> **Exercise aim**: Beneath this instruction is a block of data; output from it exactly the lines that run from the one containing "(y \<sqinter> v)) \<and>" through the one containing "(x \<squnion> u)", inclusive.

> **Information shown**:
lemma gaussian_matrix_centered_quadratic_form:
  fixes Z :: "'a \<Rightarrow> real^'n^'n"
  assumes "gaussian_matrix M Z" and variance: "variance (\<lambda>\<omega>. v \<bullet> (Z \<omega> *v v)) \<le> s"
  defines "Y \<equiv> \<lambda>\<omega>. v \<bullet> ((Z \<omega> - expectation Z) *v v)"
  shows "integrable M Y"
    and "integrable M (\<lambda>\<omega>. exp (t * Y \<omega>))"
    and "expectation (\<lambda>\<omega>. exp (t * Y \<omega>)) \<le> exp (t\<^sup>2 * s / 2)"
proof -
  define f where "f = (\<lambda>\<omega>. v \<bullet> (Z \<omega> *v v))"
  have f: "gaussian_rv M f"
    unfolding f_def by (rule gaussian_matrix_quadratic_form[OF assms(1)])
  have "Y = (\<lambda>\<omega>. f \<omega> - expectation f)"
    using expectation_quadratic_form[OF gaussian_matrix_integrable[OF assms(1)]]
    by (simp add: Y_def f_def fun_eq_iff matrix_vector_mult_diff_rdistrib inner_diff_right)
  moreover have "exp (t\<^sup>2 * variance f / 2) \<le> exp (t\<^sup>2 * s / 2)"
    using variance by (simp add: f_def mult_left_mono)
  ultimately show "integrable M Y" "integrable M (\<lambda>\<omega>. exp (t * Y \<omega>))"
    "expectation (\<lambda>\<omega>. exp (t * Y \<omega>)) \<le> exp (t\<^sup>2 * s / 2)"
    using gaussian_rv_integrable[OF f] gaussian_rv_integrable_exp[OF f, of t]
      gaussian_rv_expectation_exp[OF f, of t] by auto
qed

lemma expectation_Max_centered_quadratic_form:
  fixes Z :: "'a \<Rightarrow> real^'n^'n"
  assumes "gaussian_matrix M Z" "finite F" "F \<noteq> {}" "0 \<le> s"
    and variance: "\<And>v. v \<in> F \<Longrightarrow> variance (\<lambda>\<omega>. v \<bullet> (Z \<omega> *v v)) \<le> s"
  defines "m \<equiv> \<lambda>\<omega>. MAX v\<in>F. \<bar>v \<bullet> ((Z \<omega> - expectation Z) *v v)\<bar>"
  shows "integrable M m" and "expectation m \<le> sqrt (2 * ln (2 * real (card F)) * s)"
proof -
  note Y = gaussian_matrix_centered_quadratic_form[OF assms(1) variance]
  show "integrable M m"
    unfolding m_def using Y(1) assms(2,3) by (intro integrable_MAX integrable_abs) auto
  show "expectation m \<le> sqrt (2 * ln (2 * real (card F)) * s)"
    unfolding m_def using assms(2,3,4) Y by (rule expectation_Max_abs_le_sqrt_ln_card)
qed

end
sublocale lat: bounded_lattice "meet L" "leq L" "\<lambda>x y. x \<sqsubseteq> y \<and> \<not> y \<sqsubseteq> x" "join L" \<bottom> \<top>
  by unfold_locales (metis leq_def meet_bot meet_commute, metis leq_iff_join join_top)

lemma le_pc_iff: "y \<sqsubseteq> pc L x \<longleftrightarrow> x \<sqinter> y = \<bottom>"
  using pseudocomplemented unfolding is_pseudocomplemented_def by blast

lemma meet_pc [simp]: "x \<sqinter> pc L x = \<bottom>"
  using le_pc_iff by blast

lemma pc_antimono:
  assumes "x \<sqsubseteq> y" shows "pc L y \<sqsubseteq> pc L x"
proof -
  have "x \<sqinter> pc L y = x \<sqinter> y \<sqinter> pc L y" using assms by (simp add: lat.inf.absorb1)
  also have "\<dots> = \<bottom>" by (simp add: lat.inf_assoc)
  finally show ?thesis by (simp add: le_pc_iff)
qed

lemma pc_join: "pc L (x \<squnion> y) = pc L x \<sqinter> pc L y"
proof (rule lat.order.antisym)
  show "pc L (x \<squnion> y) \<sqsubseteq> pc L x \<sqinter> pc L y" by (simp add: pc_antimono)
  have "x \<sqinter> (pc L x \<sqinter> pc L y) = \<bottom>" "y \<sqinter> (pc L x \<sqinter> pc L y) = \<bottom>"
    by (simp_all add: lat.inf_assoc[symmetric])
      (metis lat.inf_left_commute lat.inf_assoc meet_pc lat.inf_bot_right)
  then have "(x \<squnion> y) \<sqinter> (pc L x \<sqinter> pc L y) = \<bottom>" by (simp add: lat.inf_sup_distrib2)
  then show "pc L x \<sqinter> pc L y \<sqsubseteq> pc L (x \<squnion> y)" by (simp add: le_pc_iff)
qed

lemma pc_bot [simp]: "pc L \<bottom> = \<top>"
  by (metis lat.top_unique le_pc_iff lat.inf_bot_left)

lemma neg_neg [simp]: "neg L (neg L x) = x"
  and neg_meet: "neg L (x \<sqinter> y) = neg L x \<squnion> neg L y"
  and neg_join: "neg L (x \<squnion> y) = neg L x \<sqinter> neg L y"
  and neg_bot [simp]: "neg L \<bottom> = \<top>"
  and neg_top [simp]: "neg L \<top> = \<bottom>"
  using de_morgan unfolding is_de_morgan_def by blast+

lemma neg_antimono:
  assumes "x \<sqsubseteq> y" shows "neg L y \<sqsubseteq> neg L x"
proof -
  have "neg L x = neg L x \<squnion> neg L y" using assms by (metis lat.inf.absorb_iff1 neg_meet)
  then show ?thesis by (metis lat.sup.absorb_iff1)
qed

lemma iter_np_0 [simp]: "iter_np L 0 x = x"
  by (simp add: iter_np_def)

lemma iter_np_Suc: "iter_np L (Suc k) x = pc L (neg L (iter_np L k x))"
  by (simp add: iter_np_def)

lemma iter_np_Suc': "iter_np L (Suc k) x = iter_np L k (pc L (neg L x))"
  by (simp add: iter_np_def funpow_Suc_right del: funpow.simps)

lemma iter_np_mono: "x \<sqsubseteq> y \<Longrightarrow> iter_np L k x \<sqsubseteq> iter_np L k y"
  by (induction k) (simp_all add: iter_np_Suc pc_antimono neg_antimono)

lemma iter_np_meet: "iter_np L k (x \<sqinter> y) = iter_np L k x \<sqinter> iter_np L k y"
  by (induction k) (simp_all add: iter_np_Suc neg_meet pc_join)

lemma join_neg_pc_neg [simp]: "x \<squnion> neg L (pc L (neg L x)) = \<top>"
  by (metis neg_neg neg_bot neg_join meet_pc)

lemma meet_joins_le: "(a \<squnion> x) \<sqinter> (b \<squnion> y) \<sqsubseteq> a \<squnion> b \<squnion> x \<sqinter> y"
proof -
  have "(a \<squnion> x) \<sqinter> (b \<squnion> y) \<sqsubseteq> (a \<squnion> b \<squnion> x) \<sqinter> (a \<squnion> b \<squnion> y)"
    by (intro lat.inf_mono lat.sup_mono) simp_all
  then show ?thesis by (simp add: lat.sup_inf_distrib1)
qed

definition lattice_ideal :: "'a set \<Rightarrow> bool" where
  "lattice_ideal A \<longleftrightarrow> \<bottom> \<in> A \<and> (\<forall>x\<in>A. \<forall>y. y \<sqsubseteq> x \<longrightarrow> y \<in> A) \<and> (\<forall>x\<in>A. \<forall>y\<in>A. x \<squnion> y \<in> A)"

definition lattice_filter :: "'a set \<Rightarrow> bool" where
  "lattice_filter F \<longleftrightarrow> \<top> \<in> F \<and> (\<forall>x\<in>F. \<forall>y. x \<sqsubseteq> y \<longrightarrow> y \<in> F) \<and> (\<forall>x\<in>F. \<forall>y\<in>F. x \<sqinter> y \<in> F)"

definition lattice_congruence :: "('a \<Rightarrow> 'a \<Rightarrow> bool) \<Rightarrow> bool" where
  "lattice_congruence \<theta> \<longleftrightarrow> equivp \<theta> \<and>
     (\<forall>x y u v. \<theta> x y \<and> \<theta> u v \<longrightarrow> \<theta> (x \<sqinter> u) (y \<sqinter> v)) \<and>
     (\<forall>x y u v. \<theta> x y \<and> \<theta> u v \<longrightarrow> \<theta> (x \<squnion> u) (y \<squnion> v))"

definition saturated :: "('a \<Rightarrow> 'a \<Rightarrow> bool) \<Rightarrow> 'a set \<Rightarrow> bool" where
  "saturated \<theta> A \<longleftrightarrow> (\<forall>x y. \<theta> x y \<longrightarrow> x \<in> A \<longrightarrow> y \<in> A)"

lemma lattice_congruence_eq: "lattice_congruence (=)"
  unfolding lattice_congruence_def by (simp add: identity_equivp)

lemma saturated_eq [simp]: "saturated (=) A"
  unfolding saturated_def by simp

lemma lattice_congruence_if_congruence: "congruence L \<theta> \<Longrightarrow> lattice_congruence \<theta>"
  unfolding congruence_def lattice_congruence_def by blast

section \<open>Prime ideals saturated by a congruence\<close>

context
  fixes \<theta> assumes \<theta>: "lattice_congruence \<theta>"
begin

lemma cong_refl: "\<theta> x x"
  using \<theta> unfolding lattice_congruence_def by (meson equivp_reflp)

> **Output of the task**:
     (\<forall>x y u v. \<theta> x y \<and> \<theta> u v \<longrightarrow> \<theta> (x \<sqinter> u) (y \<sqinter> v)) \<and>
     (\<forall>x y u v. \<theta> x y \<and> \<theta> u v \<longrightarrow> \<theta> (x \<squnion> u) (y \<squnion> v))"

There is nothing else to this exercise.